Print, in exact form, the lines below from the one containing "[2..<d+1] = map" through the one containing "b \<leftarrow> replicate_pmf", and omit all others.

(Collection entries)
▬▬▬▬▬▬

lemma binomial_pmf_bind_Poi:
  assumes p: "0 \<le> p" "p \<le> 1" and b: "b \<ge> 0"
  shows "s \<ge> 0 \<Longrightarrow> binomial_pmf n p \<bind> (\<lambda>U. Poi (s + real U * b)) =
    Poi s \<bind> (\<lambda>x. map_pmf sum_list (replicate_pmf n (mix_pmf p (Poi b) (return_pmf 0))) \<bind> (\<lambda>y. return_pmf (x + y)))"
proof (induction n arbitrary: s)
  case 0
  then show ?case using p by (simp add: binomial_pmf_0 bind_return_pmf bind_return_pmf')
next
  case (Suc n)
  define R where "R = map_pmf sum_list (replicate_pmf n (mix_pmf p (Poi b) (return_pmf 0)))"
  have "binomial_pmf (Suc n) p \<bind> (\<lambda>U. Poi (s + real U * b)) =
    bernoulli_pmf p \<bind> (\<lambda>c. binomial_pmf n p \<bind> (\<lambda>k. Poi ((if c then s + b else s) + real k * b)))"
    using p by (simp add: binomial_pmf_Suc bind_assoc_pmf bind_return_pmf)
       (intro bind_pmf_cong refl, simp add: algebra_simps)
  also have "\<dots> = bernoulli_pmf p \<bind> (\<lambda>c. Poi s \<bind> (\<lambda>x.
      (if c then Poi b else return_pmf 0) \<bind> (\<lambda>w. R \<bind> (\<lambda>r. return_pmf (x + (w + r))))))"
  proof (rule bind_pmf_cong[OF refl])
    fix c :: bool
    have "Poi (s + b) \<bind> (\<lambda>x. R \<bind> (\<lambda>y. return_pmf (x + y))) =
      Poi s \<bind> (\<lambda>x. Poi b \<bind> (\<lambda>w. R \<bind> (\<lambda>r. return_pmf (x + (w + r)))))"
      by (simp add: Poi_add[OF Suc.prems b, symmetric] bind_assoc_pmf bind_return_pmf add.assoc)
    then show "binomial_pmf n p \<bind> (\<lambda>k. Poi ((if c then s + b else s) + real k * b)) =
       Poi s \<bind> (\<lambda>x. (if c then Poi b else return_pmf 0) \<bind> (\<lambda>w. R \<bind> (\<lambda>r. return_pmf (x + (w + r)))))"
      using Suc.IH[of s] Suc.IH[of "s + b"] Suc.prems b by (cases c) (simp_all add: R_def bind_return_pmf)
  qed
  also have "\<dots> = Poi s \<bind> (\<lambda>x. bernoulli_pmf p \<bind> (\<lambda>c.
      (if c then Poi b else return_pmf 0) \<bind> (\<lambda>w. R \<bind> (\<lambda>r. return_pmf (x + (w + r))))))"
    by (rule bind_commute_pmf)
  also have "\<dots> = Poi s \<bind> (\<lambda>x. map_pmf sum_list (replicate_pmf (Suc n) (mix_pmf p (Poi b) (return_pmf 0))) \<bind>
      (\<lambda>y. return_pmf (x + y)))"
    by (simp only: R_def mix_pmf_def map_pmf_def bind_assoc_pmf bind_return_pmf replicate_pmf.simps sum_list.Cons)
  finally show ?case .
qed

section \<open>The operator A on Poisson laws\<close>

lemma map_upt_nth_Cons_eq_map_zip:
  assumes "length xs + 1 = d"
  shows "map (\<lambda>i. g i ((x # xs) ! (i - 1))) [2..<d+1] = map (\<lambda>(j, y). g j y) (zip [2..<d+1] xs)"
proof (rule nth_equalityI)
  show "length (map (\<lambda>i. g i ((x # xs) ! (i - 1))) [2..<d+1]) = length (map (\<lambda>(j, y). g j y) (zip [2..<d+1] xs))"
    using assms by simp
next
  fix i assume "i < length (map (\<lambda>i. g i ((x # xs) ! (i - 1))) [2..<d+1])"
  then have i: "i < length xs" using assms by (simp del: upt_Suc)
  then have "[2..<Suc d] ! i = Suc (Suc i)" using assms by (subst nth_upt) auto
  then show "map (\<lambda>i. g i ((x # xs) ! (i - 1))) [2..<d+1] ! i = map (\<lambda>(j, y). g j y) (zip [2..<d+1] xs) ! i"
    using i assms by (simp add: nth_zip del: upt_Suc)
qed

lemma bind_commute_pmf3:
  fixes A :: "'a pmf" and B :: "'b pmf" and C :: "'c pmf"
  shows "A \<bind> (\<lambda>x. B \<bind> (\<lambda>y. C \<bind> (\<lambda>z. f x y z))) = C \<bind> (\<lambda>z. A \<bind> (\<lambda>x. B \<bind> (\<lambda>y. f x y z)))"
  by (simp add: bind_commute_pmf[of B C] bind_commute_pmf[of A C])

text \<open>The numbers of second-wave particles need only be sampled at activated leaves.\<close>

lemma opA_eq_lazy:
  assumes "d \<ge> 1"
  shows "opA d \<mu> \<pi> = do {
     X \<leftarrow> Poi \<mu>;
     a \<leftarrow> replicate_pmf X (pmf_of_set {0..d});
     x \<leftarrow> \<pi>;
     b \<leftarrow> replicate_pmf x (pmf_of_set ({0..d} - {1}));
     c \<leftarrow> seq_pmf (map (\<lambda>i. if i \<in> set (a @ b)
                             then \<pi> \<bind> (\<lambda>y. replicate_pmf y (pmf_of_set ({0..d} - {i})))
                             else return_pmf []) [2..<d+1]);
     return_pmf (length (filter (\<lambda>v. v = 0) (a @ b @ concat c)))
   }" (is "_ = ?rhs")
proof -
  obtain d' where d: "d = Suc d'" using assms by (cases d) auto
  define js where "js = [2..<d+1]"
  define Ua where "Ua = pmf_of_set {0..d}"
  define Ub where "Ub = pmf_of_set ({0..d} - {1})"
  define G where "G = (\<lambda>a b j y. if j \<in> set (a @ b) then replicate_pmf y (pmf_of_set ({0..d} - {j})) else return_pmf [])"
  define OUT where "OUT = (\<lambda>a b c. return_pmf (length (filter (\<lambda>v. v = (0::nat)) (a @ b @ concat c))))"
  have zip: "map (\<lambda>i. G a b i ((x # xs) ! (i - 1))) js = map (\<lambda>(j, y). G a b j y) (zip js xs)"
    if "xs \<in> set_pmf (replicate_pmf d' \<pi>)" for a b x xs
    unfolding js_def by (rule map_upt_nth_Cons_eq_map_zip) (use that in \<open>simp add: set_replicate_pmf d\<close>)
  have "opA d \<mu> \<pi> = Poi \<mu> \<bind> (\<lambda>X. \<pi> \<bind> (\<lambda>x. replicate_pmf d' \<pi> \<bind> (\<lambda>xs.
     replicate_pmf X Ua \<bind> (\<lambda>a. replicate_pmf x Ub \<bind> (\<lambda>b.
     seq_pmf (map (\<lambda>i. G a b i ((x # xs) ! (i - 1))) js) \<bind> OUT a b)))))"
    unfolding opA_def G_def OUT_def js_def Ua_def Ub_def
    by (simp only: d replicate_pmf.simps bind_assoc_pmf bind_return_pmf nth_Cons_0)
  also have "\<dots> = Poi \<mu> \<bind> (\<lambda>X. \<pi> \<bind> (\<lambda>x. replicate_pmf d' \<pi> \<bind> (\<lambda>xs.
     replicate_pmf X Ua \<bind> (\<lambda>a. replicate_pmf x Ub \<bind> (\<lambda>b.
     seq_pmf (map (\<lambda>(j, y). G a b j y) (zip js xs)) \<bind> OUT a b)))))"
    by (intro bind_pmf_cong refl) (simp only: zip)
  also have "\<dots> = Poi \<mu> \<bind> (\<lambda>X. replicate_pmf X Ua \<bind> (\<lambda>a. \<pi> \<bind> (\<lambda>x. replicate_pmf x Ub \<bind> (\<lambda>b.
     replicate_pmf d' \<pi> \<bind> (\<lambda>xs. seq_pmf (map (\<lambda>(j, y). G a b j y) (zip js xs)) \<bind> OUT a b)))))"
    by (rule bind_pmf_cong[OF refl], rule trans[OF bind_commute_pmf3],
        (rule bind_pmf_cong[OF refl])+, rule bind_commute_pmf)
  also have "\<dots> = Poi \<mu> \<bind> (\<lambda>X. replicate_pmf X Ua \<bind> (\<lambda>a. \<pi> \<bind> (\<lambda>x. replicate_pmf x Ub \<bind> (\<lambda>b.
     seq_pmf (map (\<lambda>j. \<pi> \<bind> G a b j) js) \<bind> OUT a b))))"
  proof -
    have "length js = d'" by (simp add: js_def d del: upt_Suc)
    then show ?thesis
      by (simp only: replicate_pmf_bind_seq_pmf_zip[symmetric] bind_assoc_pmf)
  qed
  also have "\<dots> = ?rhs"
  proof -
    have "\<pi> \<bind> G a b j = (if j \<in> set (a @ b)
      then \<pi> \<bind> (\<lambda>y. replicate_pmf y (pmf_of_set ({0..d} - {j}))) else return_pmf [])" for a b j
      by (simp add: G_def bind_pmf_const)
    then show ?thesis by (simp add: OUT_def Ua_def Ub_def js_def)
  qed
  finally show ?thesis .
qed

lemma length_filter_eq_count_mset: "length (filter (\<lambda>v. v = x) xs) = count (mset xs) x"
  by (induction xs) auto

lemma count_mset_concat: "count (mset (concat cs)) x = sum_list (map (\<lambda>c. count (mset c) x) cs)"
  by (induction cs) simp_all

lemma count_Poi_replicate_pmf_uniform:
  fixes d j :: nat
  assumes j: "0 < j" "j \<le> d" and lam: "lam \<ge> 0"
  shows "map_pmf (\<lambda>c. count (mset c) (0::nat)) (Poi lam \<bind> (\<lambda>y. replicate_pmf y (pmf_of_set ({0..d} - {j}))))
    = Poi (lam / d)"
proof -
  define vs where "vs = sorted_list_of_set ({0..d} - {j} - {0})"
  have vs: "distinct (0 # vs)" "set (0 # vs) = {0..d} - {j}"
    using j by (auto simp: vs_def)
  have "card ({0..d} - {j} - {0}) = d - 1" using j by (simp add: card_Diff_singleton_if)
  then have "lam / d * real (length (0 # vs)) = lam" using j by (simp add: vs_def)
  then have "map_pmf (\<lambda>c. count (mset c) 0) (Poi lam \<bind> (\<lambda>y. replicate_pmf y (pmf_of_set ({0..d} - {j}))))
      = map_pmf (\<lambda>M. count M 0) (Poisson_process (lam / d * real (length (0 # vs))) (pmf_of_set (set (0 # vs))))"
    unfolding vs(2) Poisson_process_def by (simp add: map_bind_pmf map_pmf_comp)
  also have "\<dots> = map_pmf (\<lambda>M. count M 0) (Poisson_counts (\<lambda>_. lam / d) (0 # vs))"
    by (subst Poisson_process_uniform) (use lam vs(1) in auto)
  also have "\<dots> = Poi (lam / d)"
    by (rule count_Poisson_counts) (use vs in simp)
  finally show ?thesis .
qed

lemma count_second_wave:
  fixes d :: nat and a b :: "nat list"
  assumes lam: "lam \<ge> 0"
  shows "seq_pmf (map (\<lambda>i. if i \<in> set (a @ b)
        then Poi lam \<bind> (\<lambda>y. replicate_pmf y (pmf_of_set ({0..d} - {i}))) else return_pmf []) [2..<d+1]) \<bind>
      (\<lambda>c. return_pmf (length (filter (\<lambda>v. v = 0) (a @ b @ concat c)))) =
    seq_pmf (map (\<lambda>i. if i \<in># mset a + mset b then Poi (lam / d) else return_pmf 0) [2..<d+1]) \<bind>
      (\<lambda>F. return_pmf (count (mset a + mset b) 0 + sum_list F))"
proof -
  define C where "C = (\<lambda>i. if i \<in> set (a @ b)
      then Poi lam \<bind> (\<lambda>y. replicate_pmf y (pmf_of_set ({0..d} - {i}))) else return_pmf [])"
  define js where "js = [2..<d+1]"
  have "seq_pmf (map C js) \<bind> (\<lambda>c. return_pmf (length (filter (\<lambda>v. v = 0) (a @ b @ concat c)))) =
      map_pmf (map (\<lambda>c. count (mset c) 0)) (seq_pmf (map C js)) \<bind>
        (\<lambda>F. return_pmf (count (mset a + mset b) 0 + sum_list F))"
    by (simp add: bind_map_pmf length_filter_eq_count_mset count_mset_concat add.assoc)
  also have "\<dots> = seq_pmf (map (\<lambda>i. map_pmf (\<lambda>c. count (mset c) 0) (C i)) js) \<bind>
        (\<lambda>F. return_pmf (count (mset a + mset b) 0 + sum_list F))"
    by (simp add: map_pmf_map_seq_pmf comp_def)
  also have "\<dots> = seq_pmf (map (\<lambda>i. if i \<in># mset a + mset b then Poi (lam / d) else return_pmf 0) js) \<bind>
      (\<lambda>F. return_pmf (count (mset a + mset b) 0 + sum_list F))"
    unfolding C_def js_def
    by (intro arg_cong2[where f=bind_pmf] refl arg_cong[where f=seq_pmf] map_cong)
       (auto simp: count_Poi_replicate_pmf_uniform lam)
  finally show ?thesis by (simp only: C_def js_def)
qed

lemma opA_Poi_eq_Poisson_process:
  assumes d: "d \<ge> 1" and lam: "lam \<ge> 0"
  shows "opA d \<mu> (Poi lam) =
    Poisson_process \<mu> (pmf_of_set {0..d}) \<bind> (\<lambda>A. Poisson_process lam (pmf_of_set ({0..d} - {1})) \<bind> (\<lambda>B.
      seq_pmf (map (\<lambda>i. if i \<in># A + B then Poi (lam / d) else return_pmf 0) [2..<d+1]) \<bind>
        (\<lambda>F. return_pmf (count (A + B) 0 + sum_list F))))"
proof -
  define K where "K = (\<lambda>M. seq_pmf (map (\<lambda>i. if i \<in># M then Poi (lam / d) else return_pmf 0) [2..<d+1]) \<bind>
        (\<lambda>F. return_pmf (count M 0 + sum_list F)))"
  have "opA d \<mu> (Poi lam) = Poi \<mu> \<bind> (\<lambda>X. replicate_pmf X (pmf_of_set {0..d}) \<bind> (\<lambda>a.
      Poi lam \<bind> (\<lambda>x. replicate_pmf x (pmf_of_set ({0..d} - {1})) \<bind> (\<lambda>b. K (mset a + mset b)))))"
    unfolding opA_eq_lazy[OF d] count_second_wave[OF lam] K_def ..
  also have "\<dots> = Poisson_process \<mu> (pmf_of_set {0..d}) \<bind> (\<lambda>A.
      Poisson_process lam (pmf_of_set ({0..d} - {1})) \<bind> (\<lambda>B. K (A + B)))"
  proof -
    have "Poi lam \<bind> (\<lambda>x. replicate_pmf x (pmf_of_set ({0..d} - {1})) \<bind> (\<lambda>b. K (mset a + mset b))) =
        Poisson_process lam (pmf_of_set ({0..d} - {1})) \<bind> (\<lambda>B. K (mset a + B))" for a
      by (rule Poisson_process_bind)
    then show ?thesis
      by (simp add: Poisson_process_bind[where f = "\<lambda>A. Poisson_process lam _ \<bind> (\<lambda>B. K (A + B))"])
  qed
  finally show ?thesis by (simp only: K_def)
qed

▬▬▬▬▬▬

## Solution below
  shows "map (\<lambda>i. g i ((x # xs) ! (i - 1))) [2..<d+1] = map (\<lambda>(j, y). g j y) (zip [2..<d+1] xs)"
proof (rule nth_equalityI)
  show "length (map (\<lambda>i. g i ((x # xs) ! (i - 1))) [2..<d+1]) = length (map (\<lambda>(j, y). g j y) (zip [2..<d+1] xs))"
    using assms by simp
next
  fix i assume "i < length (map (\<lambda>i. g i ((x # xs) ! (i - 1))) [2..<d+1])"
  then have i: "i < length xs" using assms by (simp del: upt_Suc)
  then have "[2..<Suc d] ! i = Suc (Suc i)" using assms by (subst nth_upt) auto
  then show "map (\<lambda>i. g i ((x # xs) ! (i - 1))) [2..<d+1] ! i = map (\<lambda>(j, y). g j y) (zip [2..<d+1] xs) ! i"
    using i assms by (simp add: nth_zip del: upt_Suc)
qed

lemma bind_commute_pmf3:
  fixes A :: "'a pmf" and B :: "'b pmf" and C :: "'c pmf"
  shows "A \<bind> (\<lambda>x. B \<bind> (\<lambda>y. C \<bind> (\<lambda>z. f x y z))) = C \<bind> (\<lambda>z. A \<bind> (\<lambda>x. B \<bind> (\<lambda>y. f x y z)))"
  by (simp add: bind_commute_pmf[of B C] bind_commute_pmf[of A C])

text \<open>The numbers of second-wave particles need only be sampled at activated leaves.\<close>

lemma opA_eq_lazy:
  assumes "d \<ge> 1"
  shows "opA d \<mu> \<pi> = do {
     X \<leftarrow> Poi \<mu>;
     a \<leftarrow> replicate_pmf X (pmf_of_set {0..d});
     x \<leftarrow> \<pi>;
     b \<leftarrow> replicate_pmf x (pmf_of_set ({0..d} - {1}));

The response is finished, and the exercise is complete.